Let me take a step back, though… What do we ultimately want? We want to grow our business and help others along the way achieve their goals, and in order to do that with real estate it is a long-term play, usually. You might be a fix and flipper who’s listening, you might bring in investors, but even if you’re a fix and flipper who brings an investor, the fix and flip will likely take – start to finish – six months (about), but you’re probably gonna want that investor on multiple deals, so it’s a long-term thing.
With my deals, apartment syndications, they’re projected to be, each of them, five years. So it’s a five-year relationship. Name a five-year relationship you’ve had with someone…

Theo Hicks: Exactly five years?

Joe Fairless: Or more.

Theo Hicks: I don’t even know my wife for five years.

Joe Fairless: Exactly, and we are bringing in business partners who we’re gonna be in relationship with for five years, so we have to be really comfortable with them. You were incredibly selective with Marcella, right?

Theo Hicks: I was.

Joe Fairless: Yes, you chose to marry her; congratulations, by the way. It’s been two or three weeks, right?

Theo Hicks: Yeah.

Joe Fairless: And it’s important that I’m selective with who I bring on for a five-year plan, because we’ve all gotta be selective. So because we need to be selective, because it’s a long-term commitment, we’ve gotta identify what do we look for.

I’ve taken some notes here, so we can have a structured conversation. For me it’s really simple, and we’ll get to two red flags in a second. Let’s talk about what we’re looking for first.

One is it’s someone who trusts me as a person. As a human being, they know or believe or trust in me, they know or believe that I’m a good person. I am a good person, but they have to believe that. If they don’t believe that, if they think I am an evil person or someone who is out to get them, then they’re gonna act differently than someone who trusts me as a human being, and we’ll get into how that could manifest itself later.
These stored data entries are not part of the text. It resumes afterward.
lemma Cap_unbounded:
  assumes "0 < c" "0 < S"
  shows "\<exists>x\<ge>0. B < c * Cap (x * S)"
proof -
  define x where "x = 2 powr (B / c) / S"
  have "B / c = log 2 (2 powr (B / c))"
    by simp
  also have "\<dots> < log 2 (1 + 2 powr (B / c))"
    by (subst log_less_cancel_iff) (auto simp: add_pos_pos)
  also have "\<dots> = Cap (x * S)"
    using assms by (simp add: Cap_def x_def)
  finally have "B < c * Cap (x * S)"
    using assms by (simp add: divide_less_eq mult.commute)
  moreover have "0 \<le> x"
    using assms by (simp add: x_def)
  ultimately show ?thesis
    by blast
qed

text \<open>
  Exchanging the users (modes 1 and 2, modes 4 and 5, the two channel gains, and the time
  sharing t with 1 - t) maps the problem to itself with \<mu>1 and \<mu>2 exchanged.
\<close>

definition mirror_mode :: "nat \<Rightarrow> nat" where
  "mirror_mode k =
     (if k = 1 then 2 else if k = 2 then 1 else if k = 4 then 5 else if k = 5 then 4 else k)"

definition mirror_decision :: "decision \<Rightarrow> decision" where
  "mirror_decision d = \<lparr>q = q d \<circ> mirror_mode, p1 = p2 d, p2 = p1 d, pr = pr d, ts = 1 - ts d\<rparr>"

lemma mirror_mode_mirror_mode [simp]: "mirror_mode (mirror_mode k) = k"
  by (simp add: mirror_mode_def)

lemma mirror_mode_simps [simp]:
  "mirror_mode 1 = 2" "mirror_mode 2 = 1" "mirror_mode 3 = 3"
  "mirror_mode 4 = 5" "mirror_mode 5 = 4" "mirror_mode 6 = 6"
  by (simp_all add: mirror_mode_def)

lemma mirror_mode_in_modes [simp]: "mirror_mode k \<in> {1..6} \<longleftrightarrow> k \<in> {1..6}"
  by (auto simp: mirror_mode_def)

lemma mirror_decision_mirror_decision [simp]: "mirror_decision (mirror_decision d) = d"
  by (simp add: mirror_decision_def comp_def)

lemma mirror_decision_simps [simp]:
  "q (mirror_decision d) k = q d (mirror_mode k)"
  "p1 (mirror_decision d) = p2 d" "p2 (mirror_decision d) = p1 d"
  "pr (mirror_decision d) = pr d" "ts (mirror_decision d) = 1 - ts d"
  by (simp_all add: mirror_decision_def)

lemma bij_betw_mirror_mode: "bij_betw mirror_mode {1..6} {1..6}"
  by (metis (no_types) bij_betw_byWitness image_subset_iff mirror_mode_in_modes
      mirror_mode_mirror_mode)

lemma admissible_mirror_decision [simp]: "admissible (mirror_decision d) \<longleftrightarrow> admissible d"
proof -
  have "(\<Sum>k=1..6. q d (mirror_mode k)) = (\<Sum>k=1..6. q d k)"
    using bij_betw_mirror_mode by (rule sum.reindex_bij_betw)
  moreover have "(\<forall>k\<in>{1..6}. 0 \<le> q d (mirror_mode k) \<and> q d (mirror_mode k) \<le> 1) \<longleftrightarrow>
      (\<forall>k\<in>{1..6}. 0 \<le> q d k \<and> q d k \<le> 1)"
    by (metis mirror_mode_in_modes mirror_mode_mirror_mode)
  ultimately show ?thesis
    unfolding admissible_def by auto
qed

lemma C12r_mirror [simp]: "C12r (prod.swap s) (mirror_decision d) = C21r s d"
  and C21r_mirror [simp]: "C21r (prod.swap s) (mirror_decision d) = C12r s d"
  by (simp_all add: C12r_def C21r_def)

lemma rates_mirror [simp]:
  "rate_1r (prod.swap s) (mirror_decision d) = rate_2r s d"
  "rate_2r (prod.swap s) (mirror_decision d) = rate_1r s d"
  "rate_r1 (prod.swap s) (mirror_decision d) = rate_r2 s d"
  "rate_r2 (prod.swap s) (mirror_decision d) = rate_r1 s d"
  by (simp_all add: rate_1r_def rate_2r_def rate_r1_def rate_r2_def mirror_mode_def)

lemma Lam_mirror [simp]:
  "Lam \<mu>2 \<mu>1 \<gamma> (mirror_mode k) (prod.swap s) (mirror_decision d) = Lam \<mu>1 \<mu>2 \<gamma> k s d"
proof (cases "k \<in> {1, 2, 3, 4, 5}")
  case True
  \<comment> \<open>substitute the mode first: the simplifier would rewrite the numeral 1 to Suc 0\<close>
  then show ?thesis
    by (elim insertE emptyE; hypsubst; simp only: mirror_mode_simps; simp add: Lam_def add_ac)
next
  case False
  then have "mirror_mode k = k"
    by (auto simp: mirror_mode_def)
  with False show ?thesis
    by (simp add: Lam_def add_ac)
qed

lemma C12r_bounds:
  assumes "admissible d" "0 \<le> fst s" "0 \<le> snd s"
  shows "0 \<le> C12r s d" "C12r s d \<le> Cap (p1 d * fst s)"
proof -
  have d: "0 \<le> ts d" "ts d \<le> 1" "0 \<le> p1 d" "0 \<le> p2 d"
    using assms(1) by (auto simp: admissible_def)
  moreover have "0 \<le> p1 d * fst s" "0 \<le> p2 d * snd s"
    using d assms by auto
  ultimately have "p1 d * fst s / (1 + p2 d * snd s) \<le> p1 d * fst s"
    by (simp add: divide_le_eq mult_le_cancel_left1)
  then have "Cap (p1 d * fst s / (1 + p2 d * snd s)) \<le> Cap (p1 d * fst s)"
    using d assms by (intro Cap_mono) auto
  moreover have "0 \<le> Cap (p1 d * fst s / (1 + p2 d * snd s))"
    using d assms by (intro Cap_nonneg) auto
  ultimately show "0 \<le> C12r s d" "C12r s d \<le> Cap (p1 d * fst s)"
    unfolding C12r_def using d by (auto intro!: convex_bound_le)
qed

lemma C21r_bounds:
  assumes "admissible d" "0 \<le> fst s" "0 \<le> snd s"
  shows "0 \<le> C21r s d" "C21r s d \<le> Cap (p2 d * snd s)"
  using C12r_bounds[of "mirror_decision d" "prod.swap s"] assms by auto

lemma admissible_power_update:
  assumes "admissible d" "0 \<le> x"
  shows "admissible (d\<lparr>p1 := x\<rparr>)" "admissible (d\<lparr>p2 := x\<rparr>)" "admissible (d\<lparr>pr := x\<rparr>)"
  using assms by (simp_all add: admissible_def)

locale best_mode =
  fixes \<mu>1 \<mu>2 \<gamma> :: real and s :: chstate and d :: decision and k :: nat
  assumes channels_pos: "0 < fst s" "0 < snd s"
    and admissible: "admissible d"
    and mode: "k \<in> {1..6}"
    and selected: "q d k = 1"
    and maximal: "\<And>j d'. j \<in> {1..6} \<Longrightarrow> admissible d' \<Longrightarrow>
      Lam \<mu>1 \<mu>2 \<gamma> j s d' \<le> Lam \<mu>1 \<mu>2 \<gamma> k s d"
begin

lemma mirror: "best_mode \<mu>2 \<mu>1 \<gamma> (prod.swap s) (mirror_decision d) (mirror_mode k)"
proof
  show "0 < fst (prod.swap s)" "0 < snd (prod.swap s)"
    using channels_pos by auto
  show "admissible (mirror_decision d)" "q (mirror_decision d) (mirror_mode k) = 1"
    using admissible selected by simp_all
  show "mirror_mode k \<in> {1..6}"
    using mode by (simp only: mirror_mode_in_modes)
  fix j :: nat and d'
  assume "j \<in> {1..6}" "admissible d'"
  then have "Lam \<mu>2 \<mu>1 \<gamma> j (prod.swap s) d' = Lam \<mu>1 \<mu>2 \<gamma> (mirror_mode j) s (mirror_decision d')"
    by (metis Lam_mirror mirror_decision_mirror_decision mirror_mode_mirror_mode)
  also have "\<dots> \<le> Lam \<mu>1 \<mu>2 \<gamma> k s d"
    using \<open>j \<in> {1..6}\<close> \<open>admissible d'\<close>
    by (metis maximal mirror_mode_in_modes admissible_mirror_decision)
  also have "\<dots> = Lam \<mu>2 \<mu>1 \<gamma> (mirror_mode k) (prod.swap s) (mirror_decision d)"
    by simp
  finally show "Lam \<mu>2 \<mu>1 \<gamma> j (prod.swap s) d' \<le> \<dots>" .
qed

lemma powers_nonneg: "0 \<le> p1 d" "0 \<le> p2 d" "0 \<le> pr d"
  using admissible by (simp_all add: admissible_def)

lemma capacities_nonneg:
  "0 \<le> Cap (p1 d * fst s)" "0 \<le> Cap (p2 d * snd s)" "0 \<le> Cap (pr d * fst s)" "0 \<le> Cap (pr d * snd s)"
  using powers_nonneg channels_pos by (simp_all add: Cap_nonneg)

lemma mac_rates_bounds:
  "0 \<le> C12r s d" "C12r s d \<le> Cap (p1 d * fst s)" "0 \<le> C21r s d" "C21r s d \<le> Cap (p2 d * snd s)"
  using C12r_bounds[of d s] C21r_bounds[of d s] admissible channels_pos by auto

lemma q_selected:
  assumes "j \<in> {1..6}"
  shows "q d j = (if j = k then 1 else 0)"
proof -
  have nonneg: "\<forall>i\<in>{1..6} - {k}. 0 \<le> q d i"
    using admissible by (simp add: admissible_def)
  have "1 = q d k + (\<Sum>i\<in>{1..6} - {k}. q d i)"
    using admissible mode by (simp add: admissible_def sum.remove)
  then have "\<forall>i\<in>{1..6} - {k}. q d i = 0"
    using nonneg selected sum_nonneg_eq_0_iff[of "{1..6} - {k}" "q d"] by simp
  then show ?thesis
    using assms selected by auto
qed

lemma rate_1r_selected:
  "rate_1r s d = (if k = 1 then Cap (p1 d * fst s) else if k = 3 then C12r s d else 0)"
  using q_selected[of 1] q_selected[of 3] by (simp add: rate_1r_def)

lemma rate_r1_selected: "rate_r1 s d = (if k = 4 \<or> k = 6 then Cap (pr d * fst s) else 0)"
  using q_selected[of 4] q_selected[of 6] by (auto simp: rate_r1_def)

lemma rate_r2_selected: "rate_r2 s d = (if k = 5 \<or> k = 6 then Cap (pr d * snd s) else 0)"
  using q_selected[of 5] q_selected[of 6] by (auto simp: rate_r2_def)

lemma relay_rates_nonneg: "0 \<le> rate_r1 s d" "0 \<le> rate_r2 s d"
  using capacities_nonneg by (simp_all add: rate_r1_selected rate_r2_selected)

lemma gamma_nonzero: "\<gamma> \<noteq> 0"
proof
  assume "\<gamma> = 0"
  show False
  proof (cases "\<mu>1 < 1")
    case True
    then obtain x where "0 \<le> x" "Lam \<mu>1 \<mu>2 \<gamma> k s d < (1 - \<mu>1) * Cap (x * fst s)"
      using Cap_unbounded[of "1 - \<mu>1" "fst s"] channels_pos by auto
    moreover have "Lam \<mu>1 \<mu>2 \<gamma> 1 s (d\<lparr>p1 := x\<rparr>) \<le> Lam \<mu>1 \<mu>2 \<gamma> k s d"
      using \<open>0 \<le> x\<close> admissible by (intro maximal admissible_power_update) auto
    ultimately show False
      using \<open>\<gamma> = 0\<close> by (simp add: Lam_def)
  next
    case False
    then obtain x where "0 \<le> x" "Lam \<mu>1 \<mu>2 \<gamma> k s d < \<mu>1 * Cap (x * snd s)"
      using Cap_unbounded[of \<mu>1 "snd s"] channels_pos by auto
    moreover have "Lam \<mu>1 \<mu>2 \<gamma> 5 s (d\<lparr>pr := x\<rparr>) \<le> Lam \<mu>1 \<mu>2 \<gamma> k s d"
      using \<open>0 \<le> x\<close> admissible by (intro maximal admissible_power_update) auto
    ultimately show False
      using \<open>\<gamma> = 0\<close> by (simp add: Lam_def)
  qed
qed

lemma rate_1r_eq_0_if_mu1_ge_1:
  assumes "1 \<le> \<mu>1" "0 < \<gamma>"
  shows "rate_1r s d = 0"
proof -
  have C12r: "(1 - \<mu>1) * C12r s d \<le> 0" "(1 - \<mu>1) * Cap (p1 d * fst s) \<le> 0"
    using assms mac_rates_bounds capacities_nonneg by (simp_all add: mult_nonpos_nonneg)
  have "\<gamma> * p1 d \<le> 0" if "k = 1 \<or> k = 3"
  proof (cases "k = 1")
    case True
    have "Lam \<mu>1 \<mu>2 \<gamma> 1 s (d\<lparr>p1 := 0\<rparr>) \<le> Lam \<mu>1 \<mu>2 \<gamma> k s d"
      using admissible by (intro maximal admissible_power_update) auto
    with True C12r show ?thesis
      by (simp add: Lam_def)
  next
    case False
    then have "k = 3"
      using that by simp
    have "Lam \<mu>1 \<mu>2 \<gamma> k s d = (1 - \<mu>1) * C12r s d + (1 - \<mu>2) * C21r s d - \<gamma> * (p1 d + p2 d)"
      using \<open>k = 3\<close> by (simp add: Lam_def)
    moreover have "0 \<le> \<gamma> * p2 d"
      using assms(2) powers_nonneg by simp
    txt \<open>Mode 3 must beat mode 2 both at the powers of d and with user 2 silent.\<close>
    moreover have "(1 - \<mu>2) * Cap (p2 d * snd s) - \<gamma> * p2 d \<le> Lam \<mu>1 \<mu>2 \<gamma> k s d"
      using maximal[of 2 d] admissible by (simp add: Lam_def)
    moreover have "0 \<le> Lam \<mu>1 \<mu>2 \<gamma> k s d"
      using maximal[of 2 "d\<lparr>p2 := 0\<rparr>"] admissible_power_update[OF admissible] by (simp add: Lam_def)
    moreover have "(1 - \<mu>2) * C21r s d \<le> (1 - \<mu>2) * Cap (p2 d * snd s) \<or>
        (1 - \<mu>2) * C21r s d \<le> 0"
      using mac_rates_bounds
      by (cases "\<mu>2 \<le> 1") (auto intro: mult_left_mono mult_nonpos_nonneg)
    ultimately show ?thesis
      using C12r by (auto simp: algebra_simps)
  qed
  then have "p1 d = 0" if "k = 1 \<or> k = 3"
    using that assms(2) powers_nonneg by (simp add: mult_le_0_iff)
  then show ?thesis
    by (auto simp: rate_1r_selected C12r_def)
qed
Two is I want them to treat me as a partner, not as a vendor, because technically, we are partners. I’m on the general partnership side AND limited partnership side, because I co-invest in all the deals, and they’re on the limited partnership side. Both of those categories have a common word in them, and that’s “partnership”. So we are a partner, and not a vendor.

And third is that I look for someone who I can be in a five-year relationship with. Those are the three things.

Now, have you read the book Blink by Malcolm Gladwell? It talks about thin slicing.

Theo Hicks: Yeah, I’ve read that book.

Joe Fairless: Okay. Well, in the book Blink – and Best Ever listeners, if you haven’t read the book, go read the book; it’s a really good book – he talks about thin slicing. Thin slicing is basically the science of making quick informed decisions within a blink of an eye. You do that based on your previous life experiences and other context clues that are coming at you, and Malcolm Gladwell makes a case that you can make well-informed decisions, in fact more intelligent and accurate decisions in a blink of an eye, compared to if you laboriously look over a problem and you come up with a conclusion five hours later or five weeks later.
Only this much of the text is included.